Вечером первого дня конференции Денисенко, разумеется, нашел среди приехавших коллег Эпштейна. У того, кроме пачки исписанных бисерным почерком листов, было с собой еще два здоровенных трофейных фибровых чемодана с надписями: “Не ронять!”.
Эпштейн с простительной гордостью объяснил, что сумел пробить своему ППГ два доклада. Секрета из тем он не делал и, кажется, был готов доложить и в неформальной обстановке. А чемоданы, добавил он, это работа старшего лейтенанта Новиковой, она же и будет рассказывать.
Старший лейтенант Новикова (“Какие ж тогда у него младшие?”, подумал про себя Огнев) — судя по виду, вчерашняя студентка, была премирована поездкой на конференцию и докладом за отличную работу. Насколько Огнев знал Эпштейна, это означало, что старший лейтенант действительно работала за двоих, причем и руками на “отлично”, и головой тоже. Несмотря на форму, Эпштейн и Новикова смотрелись очень по-мирному, как профессор и лучшая его дипломница.
Сам же Эпштейн приехал с темой, которая обещала переворот в лечении шока. “Завтра, все завтра!” — отказался он раскрывать подробности, хотя видно было, что идея увлекла его с головой.
Новикова читала доклад, ужасно краснея, но не запинаясь и не сбиваясь. Гипсы были действительно отличные, а рекомендованные самой Гориневской методы изготовления типовых гипсовых повязок для легкораненых должны были сберечь немало сил врачей и здоровья раненых.
Рентгеновские снимки и образцы гипсов пустили по рукам. И снимки были отличные, и повязки сделаны превосходно.
— Артист, — не удержавшись, заметил вполголоса Денисенко, — скульптор, Челлини Южного фронта. Дай ему волю, он бы из этого гипса и дивчину с веслом вылепил, да кто же ему столько даст!
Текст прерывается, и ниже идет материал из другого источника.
definition prime_con :: "('f \<Rightarrow> nat) \<Rightarrow> ('a, 'f) alg \<Rightarrow> ('a \<times> 'a) set \<Rightarrow> bool" where
  "prime_con ar A \<phi> \<longleftrightarrow> \<phi> \<in> Con ar A \<and> \<phi> \<noteq> Nabla A \<and>
     (\<forall>\<alpha>\<in>Con ar A. \<forall>\<beta>\<in>Con ar A. comm ar A \<alpha> \<beta> \<subseteq> \<phi> \<longrightarrow> \<alpha> \<subseteq> \<phi> \<or> \<beta> \<subseteq> \<phi>)"

definition Spec :: "('f \<Rightarrow> nat) \<Rightarrow> ('a, 'f) alg \<Rightarrow> ('a \<times> 'a) set set" where
  "Spec ar A = {\<phi>. prime_con ar A \<phi>}"

definition rho :: "('f \<Rightarrow> nat) \<Rightarrow> ('a, 'f) alg \<Rightarrow> ('a \<times> 'a) set \<Rightarrow> ('a \<times> 'a) set" where
  "rho ar A \<theta> = Nabla A \<inter> \<Inter>{\<phi> \<in> Spec ar A. \<theta> \<subseteq> \<phi>}"

definition V_A :: "('f \<Rightarrow> nat) \<Rightarrow> ('a, 'f) alg \<Rightarrow> ('a \<times> 'a) set \<Rightarrow> ('a \<times> 'a) set set" where
  "V_A ar A \<theta> = {\<phi> \<in> Spec ar A. \<theta> \<subseteq> \<phi>}"

definition D_A :: "('f \<Rightarrow> nat) \<Rightarrow> ('a, 'f) alg \<Rightarrow> ('a \<times> 'a) set \<Rightarrow> ('a \<times> 'a) set set" where
  "D_A ar A \<theta> = Spec ar A - V_A ar A \<theta>"

definition spec_open :: "('f \<Rightarrow> nat) \<Rightarrow> ('a, 'f) alg \<Rightarrow> ('a \<times> 'a) set set set" where
  "spec_open ar A = D_A ar A ` Con ar A"

definition Clop :: "('f \<Rightarrow> nat) \<Rightarrow> ('a, 'f) alg \<Rightarrow> ('a \<times> 'a) set set set" where
  "Clop ar A = {U \<in> spec_open ar A. Spec ar A - U \<in> spec_open ar A}"

definition BCon :: "('f \<Rightarrow> nat) \<Rightarrow> ('a, 'f) alg \<Rightarrow> ('a \<times> 'a) set set" where
  "BCon ar A = {\<alpha> \<in> Con ar A. \<exists>\<beta>\<in>Con ar A. \<alpha> \<inter> \<beta> = Delta A \<and> cjoin ar A \<alpha> \<beta> = Nabla A}"

definition D_boolean_iso :: "('f \<Rightarrow> nat) \<Rightarrow> ('a, 'f) alg \<Rightarrow> bool" where
  "D_boolean_iso ar A \<longleftrightarrow> bij_betw (D_A ar A) (BCon ar A) (Clop ar A) \<and>
     (\<forall>\<alpha>\<in>BCon ar A. \<forall>\<beta>\<in>BCon ar A.
        D_A ar A (\<alpha> \<inter> \<beta>) = D_A ar A \<alpha> \<inter> D_A ar A \<beta> \<and>
        D_A ar A (cjoin ar A \<alpha> \<beta>) = D_A ar A \<alpha> \<union> D_A ar A \<beta>) \<and>
     D_A ar A (Delta A) = {} \<and> D_A ar A (Nabla A) = Spec ar A"

definition retic_rel :: "('f \<Rightarrow> nat) \<Rightarrow> ('a, 'f) alg \<Rightarrow> (('a \<times> 'a) set \<times> ('a \<times> 'a) set) set" where
  "retic_rel ar A = {(\<alpha>, \<beta>). \<alpha> \<in> K ar A \<and> \<beta> \<in> K ar A \<and> rho ar A \<alpha> = rho ar A \<beta>}"
theorem mainTheorem1:
  fixes M :: "'a measure" and m :: nat and \<theta> q :: "nat \<Rightarrow> real" and Y :: "nat \<Rightarrow> 'a \<Rightarrow> nat"
  assumes "prob_space M"
    and "m > 0"
    and "\<forall>k\<in>{1..m}. \<theta> k > 0"
    and "\<forall>k\<in>{1..m}. 0 < q k \<and> q k < 1"
    and "prob_space.indep_vars M (\<lambda>_. count_space UNIV) Y UNIV"
    and "\<forall>j. \<forall>\<omega>\<in>space M. Y j \<omega> \<in> {0..m}"
    and "\<forall>j. measure M {\<omega> \<in> space M. Y j \<omega> = 0} = 1 / (1 + (\<Sum>l=1..m. \<theta> l * q l ^ j))"
    and "\<forall>j. \<forall>k\<in>{1..m}. measure M {\<omega> \<in> space M. Y j \<omega> = k}
            = \<theta> k * q k ^ j / (1 + (\<Sum>l=1..m. \<theta> l * q l ^ j))"
  shows "has_heine_distribution M m \<theta> q
           (\<lambda>k \<omega>. \<Sum>j. (if Y j \<omega> = k then 1 else 0 :: ennreal))"
proof -
  interpret heine_sequence M m \<theta> q Y
    using assms by (simp add: heine_sequence_def heine_sequence_axioms_def)
  show ?thesis
    unfolding has_heine_distribution_def using AE_X_finite prob_event_X_eq by simp
qed

end
lemma indel_steps_shape:
  assumes "(indel_step q ^^ n) \<pi> \<sigma>" "\<pi> \<noteq> []"
  shows "\<exists>w k. \<sigma> = w @ drop k \<pi> \<and> k < length \<pi> \<and> length w + k \<le> n"
  using assms(1)
proof (induction n arbitrary: \<sigma>)
  case 0
  then show ?case using assms(2) by (intro exI[of _ "[]"] exI[of _ 0]) auto
next
  case (Suc n)
  then obtain \<rho> where "(indel_step q ^^ n) \<pi> \<rho>" and step: "indel_step q \<rho> \<sigma>"
    by auto
  with Suc.IH obtain w k where \<rho>: "\<rho> = w @ drop k \<pi>" "k < length \<pi>" "length w + k \<le> n"
    by blast
  from step consider (del) "2 \<le> length \<rho>" "\<sigma> = tl \<rho>" | (ins) a where "\<sigma> = a # \<rho>"
    unfolding indel_step_def by blast
  then show ?case
  proof cases
    case del
    show ?thesis
    proof (cases w)
      case Nil
      then show ?thesis using del \<rho>
        by (intro exI[of _ "[]"] exI[of _ "Suc k"]) (auto simp: drop_Suc tl_drop)
    next
      case (Cons b w')
      then show ?thesis using del \<rho> by (intro exI[of _ w'] exI[of _ k]) auto
    qed
  next
    case ins
    then show ?thesis using \<rho> by (intro exI[of _ "a # w"] exI[of _ k]) auto
  qed
qed

lemma mem_B_indel_shape:
  assumes "\<sigma> \<in> B_indel q t \<pi>" "\<pi> \<noteq> []"
  obtains w k where "\<sigma> = w @ drop k \<pi>" "k < length \<pi>" "length w + k \<le> t"
proof -
  from assms(1) obtain n where n: "n \<le> t" "(indel_step q ^^ n) \<pi> \<sigma>"
    unfolding B_indel_def by auto
  from indel_steps_shape[OF n(2) assms(2)] obtain w k
    where "\<sigma> = w @ drop k \<pi>" "k < length \<pi>" "length w + k \<le> n"
    by blast
  with n(1) show ?thesis by (intro that[of w k]) auto
qed

lemma indel_steps_drop:
  "n < length \<pi> \<Longrightarrow> (indel_step q ^^ n) \<pi> (drop n \<pi>)"
proof (induction n)
  case (Suc n)
  then have "indel_step q (drop n \<pi>) (drop (Suc n) \<pi>)"
    unfolding indel_step_def by (intro disjI1) (auto simp: drop_Suc tl_drop)
  with Suc show ?case by auto
qed simp

lemma indel_steps_prepend:
  "distinct w \<Longrightarrow> set w \<subseteq> {..<q} \<Longrightarrow> set w \<inter> set \<pi> = {} \<Longrightarrow>
    (indel_step q ^^ length w) \<pi> (w @ \<pi>)"
proof (induction w)
  case (Cons a w)
  then have "indel_step q (w @ \<pi>) (a # w @ \<pi>)"
    by (auto simp: indel_step_def)
  with Cons show ?case by auto
qed simp

lemma B_del_common_of_common_indel_word:
  assumes eq: "w1 @ drop k1 \<pi>1 = w2 @ drop k2 \<pi>2"
    and k1: "k1 < length \<pi>1" and k2: "k2 < length \<pi>2"
    and "length w1 + k1 \<le> t" "length w2 + k2 \<le> t"
    and shorter: "length (drop k1 \<pi>1) \<le> length (drop k2 \<pi>2)"
  shows "B_del (2 * t) \<pi>1 \<inter> B_del (2 * t) \<pi>2 \<noteq> {}"
proof -
  define j where "j = k2 + (length w1 - length w2)"
  have "length w1 + length (drop k1 \<pi>1) = length w2 + length (drop k2 \<pi>2)"
    using arg_cong[OF eq, of length] by simp
  with shorter have w: "length w2 \<le> length w1" by linarith
  have "drop k1 \<pi>1 = drop (length w1) (w2 @ drop k2 \<pi>2)"
    using arg_cong[OF eq, of "drop (length w1)"] by simp
  also have "\<dots> = drop j \<pi>2"
    using w by (simp add: j_def add.commute)
  finally have common: "drop k1 \<pi>1 = drop j \<pi>2" .
  with k1 have "j < length \<pi>2"
    by (metis drop_eq_Nil2 length_drop not_le zero_less_diff)
  with assms(4,5) have "drop j \<pi>2 \<in> B_del (2 * t) \<pi>2"
    by (intro drop_mem_B_del) (auto simp: j_def)
  moreover have "drop k1 \<pi>1 \<in> B_del (2 * t) \<pi>1"
    using k1 assms(4) by (intro drop_mem_B_del) auto
  ultimately show ?thesis
    using common by auto
qed
(* The allocation rule $x$ of the two-bidder auction defined below is monotone (for each $i$ and fixed $v_{-i}$, $v_i\mapsto x_i(v_i,v_{-i})$ is non-decreasing), and the Myerson payments $\pi_i(v)=v_ix_i(v)-\int_0^{v_i}x_i(u,v_{-i})\,du$ satisfy $\pi_i(v)\le 1$ for all $v$ and $i$.
   Context: One divisible good, two bidders with values per unit $v_1,v_2\ge0$ and known budgets $B_1=B_2=1$. The allocation $x(v_1,v_2)=(x_1,x_2)$ is symmetric ($x(v_1,v_2)$ is obtained from $x(v_2,v_1)$ by swapping coordinates) and for $v_1\ge v_2$ is given by the first applicable rule: if $v_1=v_2$, $x=(\frac12,\frac12)$; else if $v_2\le\frac13$, $x=(1,0)$; else if $\frac13\le v_2\le1$, $x=(\frac14+\frac1{4v_2},\frac34-\frac1{4v_2})$; else ($v_2\ge1$) $x=(\frac12,\frac12)$. *)

theory Defs
  imports "HOL-Analysis.Analysis"
begin

text \<open>Allocation for the ordered case a \<ge> b (first applicable rule).\<close>
definition alloc_ord :: "real \<Rightarrow> real \<Rightarrow> real \<times> real" where
  "alloc_ord a b =
     (if a = b then (1/2, 1/2)
      else if b \<le> 1/3 then (1, 0)
      else if 1/3 \<le> b \<and> b \<le> 1 then (1/4 + 1/(4*b), 3/4 - 1/(4*b))
      else (1/2, 1/2))"

definition alloc :: "real \<Rightarrow> real \<Rightarrow> real \<times> real" where
  "alloc a b = (if b \<le> a then alloc_ord a b else prod.swap (alloc_ord b a))"

definition x1 :: "real \<Rightarrow> real \<Rightarrow> real" where "x1 a b = fst (alloc a b)"
definition x2 :: "real \<Rightarrow> real \<Rightarrow> real" where "x2 a b = snd (alloc a b)"

definition pay1 :: "real \<Rightarrow> real \<Rightarrow> real" where
  "pay1 a b = a * x1 a b - integral {0..a} (\<lambda>u. x1 u b)"
definition pay2 :: "real \<Rightarrow> real \<Rightarrow> real" where
  "pay2 a b = b * x2 a b - integral {0..b} (\<lambda>u. x2 a u)"

end

theory Submission
  imports Defs
begin

text \<open>With the share
  \<open>s c\<close> of the lower bid \<open>c\<close> (\<open>0\<close> below \<open>1/3\<close>, then \<open>3/4 - 1/(4c)\<close>, then \<open>1/2\<close>), the lower
  bidder gets \<open>s\<close> of their own bid and the higher bidder gets \<open>1 - s\<close> of the lower bid; since
  \<open>s\<close> is non-decreasing with values in \<open>[0, 1/2]\<close>, raising one's bid can only help. Above
  \<open>1\<close> a bidder's allocation no longer depends on their own bid, so their Myerson payment is
  their allocation minus an integral over \<open>[0, 1]\<close>, hence at most \<open>1\<close>.\<close>

definition loser_share :: "real \<Rightarrow> real" where
  "loser_share c = (if c \<le> 1/3 then 0 else if c \<le> 1 then 3/4 - 1/(4*c) else 1/2)"

lemma loser_share_nonneg: "0 \<le> loser_share c"
  by (auto simp: loser_share_def field_simps)

lemma loser_share_le_half: "loser_share c \<le> 1/2"
  by (auto simp: loser_share_def field_simps)

lemma loser_share_mono: "c \<le> d \<Longrightarrow> loser_share c \<le> loser_share d"
  by (auto simp: loser_share_def field_simps)

lemma x1_eq_loser_share:
  "x1 a b = (if a < b then loser_share a else if a = b then 1/2 else 1 - loser_share b)"
  unfolding x1_def alloc_def alloc_ord_def loser_share_def by auto

lemma x2_eq_x1_swap: "x2 a b = x1 b a"
  unfolding x1_def x2_def alloc_def alloc_ord_def by auto

lemma pay2_eq_pay1_swap: "pay2 a b = pay1 b a"
  unfolding pay1_def pay2_def x2_eq_x1_swap by simp

lemma x1_bounds: "0 \<le> x1 a b" "x1 a b \<le> 1"
  using loser_share_nonneg[of a] loser_share_le_half[of a]
    loser_share_nonneg[of b] loser_share_le_half[of b]
  by (auto simp: x1_eq_loser_share)

lemma x1_mono: "a \<le> a' \<Longrightarrow> x1 a b \<le> x1 a' b"
  using loser_share_mono[of a a'] loser_share_mono[of a b]
    loser_share_le_half[of a] loser_share_le_half[of b] loser_share_le_half[of a']
  by (auto simp: x1_eq_loser_share)

lemma x1_const_above_one: "1 < u \<Longrightarrow> u \<le> a \<Longrightarrow> x1 u b = x1 a b"
  by (auto simp: x1_eq_loser_share loser_share_def)

lemma myerson_payment_le_one:
  fixes f :: "real \<Rightarrow> real"
  assumes mono: "mono_on {0..} f"
    and bounds: "\<And>u. 0 \<le> u \<Longrightarrow> 0 \<le> f u \<and> f u \<le> 1"
    and const: "\<And>u. 1 < u \<Longrightarrow> u \<le> a \<Longrightarrow> f u = f a"
    and "0 \<le> a"
  shows "a * f a - integral {0..a} f \<le> 1"
proof -
  have integrable: "f integrable_on {0..c}" for c
    by (rule integrable_on_mono_on) (rule mono_on_subset[OF mono], auto)
  have integral_f_nonneg: "0 \<le> integral {0..c} f" for c
    by (rule integral_nonneg[OF integrable]) (simp add: bounds)
  show ?thesis
  proof (cases "a \<le> 1")
    case True
    then have "a * f a \<le> 1"
      using \<open>0 \<le> a\<close> bounds[of a] by (simp add: mult_le_one)
    then show ?thesis using integral_f_nonneg[of a] by linarith
  next
    case False
    have "integral {1..a} f = integral {1..a} (\<lambda>_. f a)"
      by (rule integral_spike[where S="{1}"]) (auto intro!: const[symmetric])
    then have tail: "integral {1..a} f = (a - 1) * f a"
      using False by simp
    have "integral {0..1} f + integral {1..a} f = integral {0..a} f"
      using Henstock_Kurzweil_Integration.integral_combine[of 0 1 a f] False integrable[of a] by auto
    then have "a * f a - integral {0..a} f = f a - integral {0..1} f"
      using tail by (simp add: algebra_simps)
    then show ?thesis using integral_f_nonneg[of 1] bounds[of a] \<open>0 \<le> a\<close> by linarith
  qed
qed

lemma pay1_le_one: "0 \<le> a \<Longrightarrow> pay1 a b \<le> 1"
  unfolding pay1_def
  by (rule myerson_payment_le_one)
    (auto intro: mono_onI x1_mono x1_const_above_one simp: x1_bounds)

theorem mainTheorem11:
  shows "(\<forall>b\<ge>0. mono_on {0..} (\<lambda>a. x1 a b))
       \<and> (\<forall>a\<ge>0. mono_on {0..} (\<lambda>b. x2 a b))
       \<and> (\<forall>a\<ge>0. \<forall>b\<ge>0. pay1 a b \<le> 1 \<and> pay2 a b \<le> 1)"
  by (auto intro!: mono_onI x1_mono pay1_le_one simp: x2_eq_x1_swap pay2_eq_pay1_swap)

end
— Как учит нас товарищ Гориневская, раненый в глухом гипсе должен спать спокойно, но хирургу следует бодрствовать. — закончила Новикова доклад, — Вот результаты работы нашего госпиталя, товарищи, начиная с ноября сорок второго. Динамику вы можете оценить и сами.
— Вашей работы, товарищ Новикова, — громко сказал Эпштейн в аккурат между концом доклада и аплодисментами.
Он смотрел на докладчицу с поистине отеческой гордостью, а старший лейтенант впервые сбилась с голоса. “Спасибо” она скорее пискнула, чем произнесла.
Эпштейн приехал с идеей субокциптальной пункции [Введение фосфата натрия в большую цистерну головного мозга путем затылочной пункции, идея Штерн по борьбе с шоком. Опробована во время Финской, без достаточной статистики. Попытки использования в ходе Великой Отечественной показали, что метод неработоспособен, проверка лучшими военными врачами СССР дала однозначный вердикт “Не работает”. Активные попытки внедрения этого метода были использованы против Штерн во время послевоенных репрессий.], которую очень пропагандировал именно для медсанбатов “и даже для полковых медицинских пунктов”. Он буквально светился и простой, красивой идеей, и Линой Соломоновной Штерн, первой женщиной — профессором Женевского университета, первооткрывательницей гематоэнцефалического барьера. Трудно было сказать, что больше его восхищало — новый метод или открывшиеся в Советском Союзе возможности для талантов.